It's not surprising, as there's a lot of information asymmetry in the bed
market. Customers don't have a good understanding of internals, and
manufacturers deliberately augment confusion by producing under tons of sub-
brands and models. Furthermore, at least in the US, sells are carried on a
1-by-1 basis where the salesman tries to extract buyer's reserve price.

I've spent a few years optimizing the core objects in my life, and my bed is
for obvious reasons on the top of the list. To cut a long story short, I
tested dozens of beds, bought a high end nordic bed (Hästens) and a natural
latex one. Both were good. But, like the OP, I've eventually settled on a
custom design. A very different one, though.

IMHO, the most healthy option is a thin soft core on top of a hard surface. I
also prioritized natural and washable materials. I ended up with a pad made of
felt wood panels on top of a modular wooden base. A huge unintended bonus of
this design is how easy it is to pack and move around. I can disassemble and
carry my bed effortlessly. It's also pretty cheap and durable. And I can
disassemble it and put each pad in my washing machine!
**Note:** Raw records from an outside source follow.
text \<open>The left-hand side integrates to integrals of f independent of x, apart from the factor
  ln |x|; outside cball 0 R, where z \<le> 0, it equals (ln |x| + ln 2) z.\<close>
lemma ln_kernel_mult_lower_bound:
  fixes x y :: "'a::real_normed_vector" and R z :: real
  assumes R: "1 \<le> R" "2 * R \<le> norm x" and y: "y \<noteq> 0" "y \<noteq> x"
    and sign: "R < norm y \<Longrightarrow> z \<le> 0"
  shows "indicator (cball 0 R) y * (ln (norm y) * z) - (ln (norm x) * z + ln 2 * \<bar>z\<bar>)
      + 2 * ln (norm x) * (indicator (- cball 0 R) y * z)
    \<le> ln (norm y / norm (x - y)) * z + indicator (ball x 1) y * (ln (norm (x - y)) * z)"
proof -
  have kernel: "ln (norm y / norm (x - y)) * z + indicator (ball x 1) y * (ln (norm (x - y)) * z)
      = (ln (norm y) - ln (max 1 (norm (x - y)))) * z"
    unfolding ln_kernel_eq[OF y, symmetric] by (simp add: algebra_simps)
  show ?thesis
  proof (cases "norm y \<le> R")
    case True
    note near = ln_dist_near_ln_norm[OF True R(2,1)]
    have "\<bar>(ln (norm (x - y)) - ln (norm x)) * z\<bar> \<le> ln 2 * \<bar>z\<bar>"
      using mult_right_mono[OF near(2) abs_ge_zero] by (simp add: abs_mult)
    then have "(ln (norm (x - y)) - ln (norm x)) * z \<le> ln 2 * \<bar>z\<bar>"
      by (rule order_trans[OF abs_ge_self])
    then show ?thesis
      using True near(1) unfolding kernel by (simp add: indicator_def algebra_simps)
  next
    case False
    then have "z \<le> 0" by (intro sign) simp
    have "ln (norm y) - ln (max 1 (norm (x - y))) \<le> ln (norm x) + ln 2"
      using R by (intro ln_kernel_le) linarith
    then have "(ln (norm x) + ln 2) * z \<le> (ln (norm y) - ln (max 1 (norm (x - y)))) * z"
      using \<open>z \<le> 0\<close> by (rule mult_right_mono_neg)
    then show ?thesis
      using False \<open>z \<le> 0\<close> unfolding kernel by (simp add: indicator_def algebra_simps)
  qed
qed

lemma ln_potential_lower_bound_at:
  fixes f :: "'a::euclidean_space \<Rightarrow> real"
  assumes f: "integrable lborel f"
    and bdd: "\<And>c r. \<exists>M. \<forall>y\<in>cball c r. \<bar>f y\<bar> \<le> M"
    and sign: "\<And>y. R < norm y \<Longrightarrow> f y \<le> 0"
    and R: "1 \<le> R" "2 * R \<le> norm x"
  shows "(\<integral>y\<in>cball 0 R. ln (norm y) * f y \<partial>lborel) - ln (norm x) * (\<integral>y. f y \<partial>lborel)
      - ln 2 * (\<integral>y. \<bar>f y\<bar> \<partial>lborel) + 2 * ln (norm x) * (\<integral>y\<in>- cball 0 R. f y \<partial>lborel)
    \<le> (\<integral>y. ln (norm y / norm (x - y)) * f y \<partial>lborel) + (\<integral>y\<in>ball x 1. ln (norm (x - y)) * f y \<partial>lborel)"
proof -
  have [measurable]: "f \<in> borel_measurable lborel" using f by simp
  have outside: "- cball (0::'a) R \<in> sets lborel" by (simp add: borel_open)
  obtain M0 Mx MR where M0: "\<forall>y\<in>cball 0 1. \<bar>f y\<bar> \<le> M0" and Mx: "\<forall>y\<in>cball x 1. \<bar>f y\<bar> \<le> Mx"
    and MR: "\<forall>y\<in>cball 0 R. \<bar>f y\<bar> \<le> MR"
    using bdd by metis
  have int_inner: "integrable lborel (\<lambda>y. indicator (cball 0 R) y * (ln (norm y) * f y))"
    using integrable_cball_ln_dist_mult[of f 0 R MR] MR by simp
  have int_outer: "integrable lborel (\<lambda>y. indicator (- cball 0 R) y * f y)"
    using integrable_mult_indicator[OF outside f] by simp
  have int_ratio: "integrable lborel (\<lambda>y. ln (norm y / norm (x - y)) * f y)"
    using integrable_ln_ratio_mult[OF f] M0 Mx by blast
  have "integrable lborel (\<lambda>y. indicator (ball x 1) y *\<^sub>R (indicator (cball x 1) y * (ln (norm (y - x)) * f y)))"
    using integrable_cball_ln_dist_mult[of f x 1 Mx] Mx by (intro integrable_mult_indicator) auto
  moreover have "indicator (ball x 1) y *\<^sub>R (indicator (cball x 1) y * (ln (norm (y - x)) * f y))
      = indicator (ball x 1) y * (ln (norm (x - y)) * f y)" for y
    by (auto simp: indicator_def norm_minus_commute)
  ultimately have int_ball: "integrable lborel (\<lambda>y. indicator (ball x 1) y * (ln (norm (x - y)) * f y))"
    by (simp only:)
  define \<phi> where "\<phi> y = indicator (cball 0 R) y * (ln (norm y) * f y) - (ln (norm x) * f y + ln 2 * \<bar>f y\<bar>)
      + 2 * ln (norm x) * (indicator (- cball 0 R) y * f y)" for y
  have "(\<integral>y\<in>cball 0 R. ln (norm y) * f y \<partial>lborel) - ln (norm x) * (\<integral>y. f y \<partial>lborel)
      - ln 2 * (\<integral>y. \<bar>f y\<bar> \<partial>lborel) + 2 * ln (norm x) * (\<integral>y\<in>- cball 0 R. f y \<partial>lborel)
      = (\<integral>y. \<phi> y \<partial>lborel)"
    unfolding \<phi>_def set_lebesgue_integral_def using f int_inner int_outer by simp
  also have "\<dots> \<le> (\<integral>y. ln (norm y / norm (x - y)) * f y
      + indicator (ball x 1) y * (ln (norm (x - y)) * f y) \<partial>lborel)"
  proof (rule integral_mono_AE)
    show "integrable lborel \<phi>" unfolding \<phi>_def using f int_inner int_outer by simp
    show "AE y in lborel. \<phi> y \<le> ln (norm y / norm (x - y)) * f y
        + indicator (ball x 1) y * (ln (norm (x - y)) * f y)"
      using AE_lborel_singleton[of 0] AE_lborel_singleton[of x]
    proof eventually_elim
      case (elim y)
      show ?case unfolding \<phi>_def by (rule ln_kernel_mult_lower_bound[OF R elim sign])
    qed
  qed (use int_ratio int_ball in simp)
  also have "\<dots> = (\<integral>y. ln (norm y / norm (x - y)) * f y \<partial>lborel)
      + (\<integral>y\<in>ball x 1. ln (norm (x - y)) * f y \<partial>lborel)"
    unfolding set_lebesgue_integral_def using int_ratio int_ball by simp
  finally show ?thesis .
qed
A good heuristic is that most high quality items are custom made niche things.
Either made by you or, usually, by specialized artisans or engineers. I've
seen the internals of some beds costing a few grand. Not pretty. Laughable
quality compared to the carefully felted panels I commissioned from a great
mill. Same applies to industrial tees vs loopwheeled ones, or cheap plastic
coats vs ventile. In the PC world, an equivalent would be some bad quality box
with horrible thermal paste and mediocre cooling vs a custom Calyos build.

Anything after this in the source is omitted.